Use it when you need a durable answer to “what looks broken right now?” and “what exact repair will we execute if an operator confirms it?”

Refresh executor heartbeats

Your host or runtime can upsert one durable heartbeat per executor identity:

ObanPowertools.Lifeline.refresh_heartbeats(MyApp.Repo, [
  %{
    executor_id: "app:oban:default:node-a:producer-1",
    node: "node-a",
    producer_scope: "producer-1"
  }
])

Project incidents from durable evidence

health_rows = ObanPowertools.Lifeline.list_executor_health(MyApp.Repo)
incidents = ObanPowertools.Lifeline.project_incidents(MyApp.Repo)
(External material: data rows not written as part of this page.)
lemma V'_cases:
  assumes "u \<in> V'"
  obtains x where "x \<in> V" and "u = q x"
  using assms q_image by blast

lemma rep_in_V: "u \<in> V' \<Longrightarrow> rep u \<in> V" and q_rep: "u \<in> V' \<Longrightarrow> q (rep u) = u"
proof -
  assume "u \<in> V'"
  then have "\<exists>x. x \<in> V \<and> q x = u" using q_image by blast
  then have "rep u \<in> V \<and> q (rep u) = u" unfolding rep_def by (rule someI_ex)
  then show "rep u \<in> V" and "q (rep u) = u" by simp_all
qed

lemma rep_q: "x \<in> V \<Longrightarrow> rep (q x) = x \<or> rep (q x) = a x"
  using rep_in_V[OF q_in_V'] q_rep[OF q_in_V'] q_eq_iff by blast

lemma proj_q: assumes "x \<in> V" shows "proj (q x) = p x"
  using rep_q[OF assms] p_a[OF assms] unfolding proj_def by auto

lemma quotient_edge_q: "E x y \<Longrightarrow> quotient_edge (q x) (q y)"
  unfolding quotient_edge_def by blast

lemma not_edge_partner: "E x y \<Longrightarrow> \<not> E x (a y)"
proof
  assume "E x y" and "E x (a y)"
  moreover have "y \<in> V" using graph_V \<open>E x y\<close> by (simp add: graph_def)
  ultimately have "a y = y" using covering_locally_inj[OF covering] p_a by metis
  then show False using a_no_fixpoint \<open>y \<in> V\<close> by blast
qed

lemma not_edge_a: "\<not> E x (a x)"
proof
  assume "E x (a x)"
  moreover have "x \<in> V" using graph_V \<open>E x (a x)\<close> by (simp add: graph_def)
  moreover have "F (p x) (p (a x))" using covering \<open>E x (a x)\<close> by (simp add: covering_def)
  ultimately have "F (p x) (p x)" using p_a by simp
  then show False using covering by (simp add: covering_def graph_def)
qed

lemma edge_in_V: "E x y \<Longrightarrow> x \<in> V \<and> y \<in> V"
  using graph_V by (simp add: graph_def)

lemma graph_quotient: "graph V' quotient_edge"
  unfolding graph_def
proof (intro conjI allI impI ballI)
  have "finite V" and "V \<noteq> {}" using graph_V by (simp_all add: graph_def)
  then show "finite V'" and "V' \<noteq> {}" using q_image by auto
  show "u \<in> V'" and "v \<in> V'" if "quotient_edge u v" for u v
    using that edge_in_V q_in_V' unfolding quotient_edge_def by blast+
  show "quotient_edge v u" if "quotient_edge u v" for u v
  proof -
    have "\<And>x y. E x y \<Longrightarrow> E y x" using graph_V by (simp add: graph_def)
    then show ?thesis using that unfolding quotient_edge_def by blast
  qed
  show "\<not> quotient_edge u u" for u
  proof
    assume "quotient_edge u u"
    then obtain x y where xy: "E x y" "q x = q y" unfolding quotient_edge_def by metis
    have "x \<in> V" "y \<in> V" using edge_in_V[OF xy(1)] by simp_all
    then have "y = x \<or> y = a x" using q_eq_iff[of x y] xy(2)[symmetric] by blast
    moreover have "\<not> E x x" using graph_V by (simp add: graph_def)
    ultimately show False using xy(1) not_edge_a[of x] by auto
  qed
  show "quotient_edge\<^sup>*\<^sup>* u v" if uv: "u \<in> V'" "v \<in> V'" for u v
  proof -
    obtain x where x: "x \<in> V" "u = q x" using uv(1) by (rule V'_cases)
    obtain y where y: "y \<in> V" "v = q y" using uv(2) by (rule V'_cases)
    have "E\<^sup>*\<^sup>* x y" using graph_V x(1) y(1) by (simp add: graph_def)
    then have "quotient_edge\<^sup>*\<^sup>* (q x) (q y)"
    proof (induction rule: rtranclp_induct)
      case (step y z)
      from step.IH quotient_edge_q[OF step.hyps(2)] show ?case
        by (rule rtranclp.rtrancl_into_rtrancl)
    qed simp
    then show ?thesis using x(2) y(2) by simp
  qed
qed


lemma covering_q: "covering V E V' quotient_edge q"
  unfolding covering_def
proof (intro conjI allI impI ballI)
  show "graph V E" by (rule graph_V)
  show "graph V' quotient_edge" by (rule graph_quotient)
  show "q ` V = V'" by (rule q_image)
  show "quotient_edge (q x) (q y)" if "E x y" for x y using that by (rule quotient_edge_q)
  show "bij_betw q {y. E x y} {v. quotient_edge (q x) v}" if x: "x \<in> V" for x
    unfolding bij_betw_def
  proof
    show "inj_on q {y. E x y}"
    proof (rule inj_onI)
      fix y y' assume "y \<in> {y. E x y}" "y' \<in> {y. E x y}" "q y = q y'"
      then have "E x y" "E x y'" "y \<in> V" "y' \<in> V" "q y' = q y" using edge_in_V by auto
      then have "y' = y \<or> y' = a y" using q_eq_iff[of y y'] by simp
      then show "y = y'" using not_edge_partner[OF \<open>E x y\<close>] \<open>E x y'\<close> by auto
    qed
    show "q ` {y. E x y} = {v. quotient_edge (q x) v}"
    proof
      show "q ` {y. E x y} \<subseteq> {v. quotient_edge (q x) v}" using quotient_edge_q by auto
      show "{v. quotient_edge (q x) v} \<subseteq> q ` {y. E x y}"
      proof
        fix v assume "v \<in> {v. quotient_edge (q x) v}"
        then obtain x' y where xy: "E x' y" "q x' = q x" "q y = v"
          unfolding quotient_edge_def by blast
        have "x' \<in> V" using edge_in_V xy(1) by blast
        then consider "x' = x" | "x' = a x" using q_eq_iff[OF x, of x'] xy(2) by auto
        then show "v \<in> q ` {y. E x y}"
        proof cases
          case 1
          then show ?thesis using xy by auto
        next
          case 2
          then have "E x (a y)" using xy(1) Aut_edge_iff[OF graph_V a_in_Aut, of x' y] by simp
          then show ?thesis using xy(3) q_a[of y] by (metis imageI mem_Collect_eq)
        qed
      qed
    qed
  qed
qed

lemma a_in_CT_q: "a \<in> CT V E q"
  using a_in_Aut by (simp add: CT_def)

lemma a_neq_id: "a \<noteq> id"
proof
  assume "a = id"
  obtain x where "x \<in> V" using graph_V by (auto simp: graph_def)
  then show False using a_no_fixpoint \<open>a = id\<close> by simp
qed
Current incident projection covers:

  • late and missing executors
  • dead-executor incidents backed by affected executing jobs
  • workflow-stuck incidents backed by persisted step blocker state

Preview a repair before any mutation

Preview is the important contract. Operators do not jump straight to mutation:

actor = %{id: "ops-1", permissions: [:preview_repair, :execute_repair]}

{:ok, preview} =
  ObanPowertools.Lifeline.preview_repair(MyApp.Repo, actor, %{
    incident_fingerprint: incident.incident_fingerprint,
    action: "job_rescue",
    target_type: "job",
    target_id: job.id
  })

Preview behavior today:

  • authorization is host-owned through authorize/3
  • the preview is idempotent for the same ready plan
  • unsupported targets are rejected early
  • repair drift is detected before execution

Execute the repair with a reason

ObanPowertools.Lifeline.execute_repair(
  MyApp.Repo,
  actor,
  preview.preview_token,
  "Rescuing the orphaned job after node loss"
)

Execution behavior today:

  • reason text is enforced when required
  • the preview token is single-use
  • immutable audit evidence is written
  • the related incident is resolved only when the repair succeeds

Retention and pruning

The module also reports and prunes retention-managed records:

ObanPowertools.Lifeline.retention_status(MyApp.Repo)
ObanPowertools.Lifeline.run_archive_prune(MyApp.Repo, actor, reason: "scheduled retention")

Good fit

Use Lifeline when the app needs an operator-visible incident and repair model. If you only need background telemetry and alerts, this is more operator substrate than simple monitoring.